====== EXERCISE DATA

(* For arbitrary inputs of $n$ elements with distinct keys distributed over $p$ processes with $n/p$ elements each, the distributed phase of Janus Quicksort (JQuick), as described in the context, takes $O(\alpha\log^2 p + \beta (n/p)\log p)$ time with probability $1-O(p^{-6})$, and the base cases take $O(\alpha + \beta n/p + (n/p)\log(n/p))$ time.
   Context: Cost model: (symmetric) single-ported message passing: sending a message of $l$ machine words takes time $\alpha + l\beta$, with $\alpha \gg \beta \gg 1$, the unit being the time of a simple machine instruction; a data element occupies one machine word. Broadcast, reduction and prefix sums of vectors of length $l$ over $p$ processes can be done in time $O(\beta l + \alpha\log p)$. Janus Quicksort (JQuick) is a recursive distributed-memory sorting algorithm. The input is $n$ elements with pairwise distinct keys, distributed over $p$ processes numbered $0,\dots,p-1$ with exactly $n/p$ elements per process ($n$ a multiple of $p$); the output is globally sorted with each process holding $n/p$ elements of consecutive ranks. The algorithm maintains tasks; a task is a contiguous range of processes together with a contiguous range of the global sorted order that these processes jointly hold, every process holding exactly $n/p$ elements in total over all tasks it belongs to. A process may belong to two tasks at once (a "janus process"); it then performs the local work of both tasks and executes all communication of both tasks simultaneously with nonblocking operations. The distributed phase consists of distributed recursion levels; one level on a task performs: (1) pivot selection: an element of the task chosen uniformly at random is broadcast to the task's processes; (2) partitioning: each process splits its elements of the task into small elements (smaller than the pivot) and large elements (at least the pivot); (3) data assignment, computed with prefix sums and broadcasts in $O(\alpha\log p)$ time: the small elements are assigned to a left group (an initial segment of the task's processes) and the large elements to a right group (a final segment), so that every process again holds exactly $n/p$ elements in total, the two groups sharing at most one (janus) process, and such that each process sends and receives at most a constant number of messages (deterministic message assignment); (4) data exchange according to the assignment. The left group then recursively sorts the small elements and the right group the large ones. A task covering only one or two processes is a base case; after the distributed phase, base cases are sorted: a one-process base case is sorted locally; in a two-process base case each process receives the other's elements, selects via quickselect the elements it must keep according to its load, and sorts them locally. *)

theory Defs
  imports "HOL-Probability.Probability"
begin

============

Repeat the records above exactly, with nothing left out.

▶ ANSWER:
(* For arbitrary inputs of $n$ elements with distinct keys distributed over $p$ processes with $n/p$ elements each, the distributed phase of Janus Quicksort (JQuick), as described in the context, takes $O(\alpha\log^2 p + \beta (n/p)\log p)$ time with probability $1-O(p^{-6})$, and the base cases take $O(\alpha + \beta n/p + (n/p)\log(n/p))$ time.
   Context: Cost model: (symmetric) single-ported message passing: sending a message of $l$ machine words takes time $\alpha + l\beta$, with $\alpha \gg \beta \gg 1$, the unit being the time of a simple machine instruction; a data element occupies one machine word. Broadcast, reduction and prefix sums of vectors of length $l$ over $p$ processes can be done in time $O(\beta l + \alpha\log p)$. Janus Quicksort (JQuick) is a recursive distributed-memory sorting algorithm. The input is $n$ elements with pairwise distinct keys, distributed over $p$ processes numbered $0,\dots,p-1$ with exactly $n/p$ elements per process ($n$ a multiple of $p$); the output is globally sorted with each process holding $n/p$ elements of consecutive ranks. The algorithm maintains tasks; a task is a contiguous range of processes together with a contiguous range of the global sorted order that these processes jointly hold, every process holding exactly $n/p$ elements in total over all tasks it belongs to. A process may belong to two tasks at once (a "janus process"); it then performs the local work of both tasks and executes all communication of both tasks simultaneously with nonblocking operations. The distributed phase consists of distributed recursion levels; one level on a task performs: (1) pivot selection: an element of the task chosen uniformly at random is broadcast to the task's processes; (2) partitioning: each process splits its elements of the task into small elements (smaller than the pivot) and large elements (at least the pivot); (3) data assignment, computed with prefix sums and broadcasts in $O(\alpha\log p)$ time: the small elements are assigned to a left group (an initial segment of the task's processes) and the large elements to a right group (a final segment), so that every process again holds exactly $n/p$ elements in total, the two groups sharing at most one (janus) process, and such that each process sends and receives at most a constant number of messages (deterministic message assignment); (4) data exchange according to the assignment. The left group then recursively sorts the small elements and the right group the large ones. A task covering only one or two processes is a base case; after the distributed phase, base cases are sorted: a one-process base case is sorted locally; in a two-process base case each process receives the other's elements, selects via quickselect the elements it must keep according to its load, and sorts them locally. *)

theory Defs
  imports "HOL-Probability.Probability"
begin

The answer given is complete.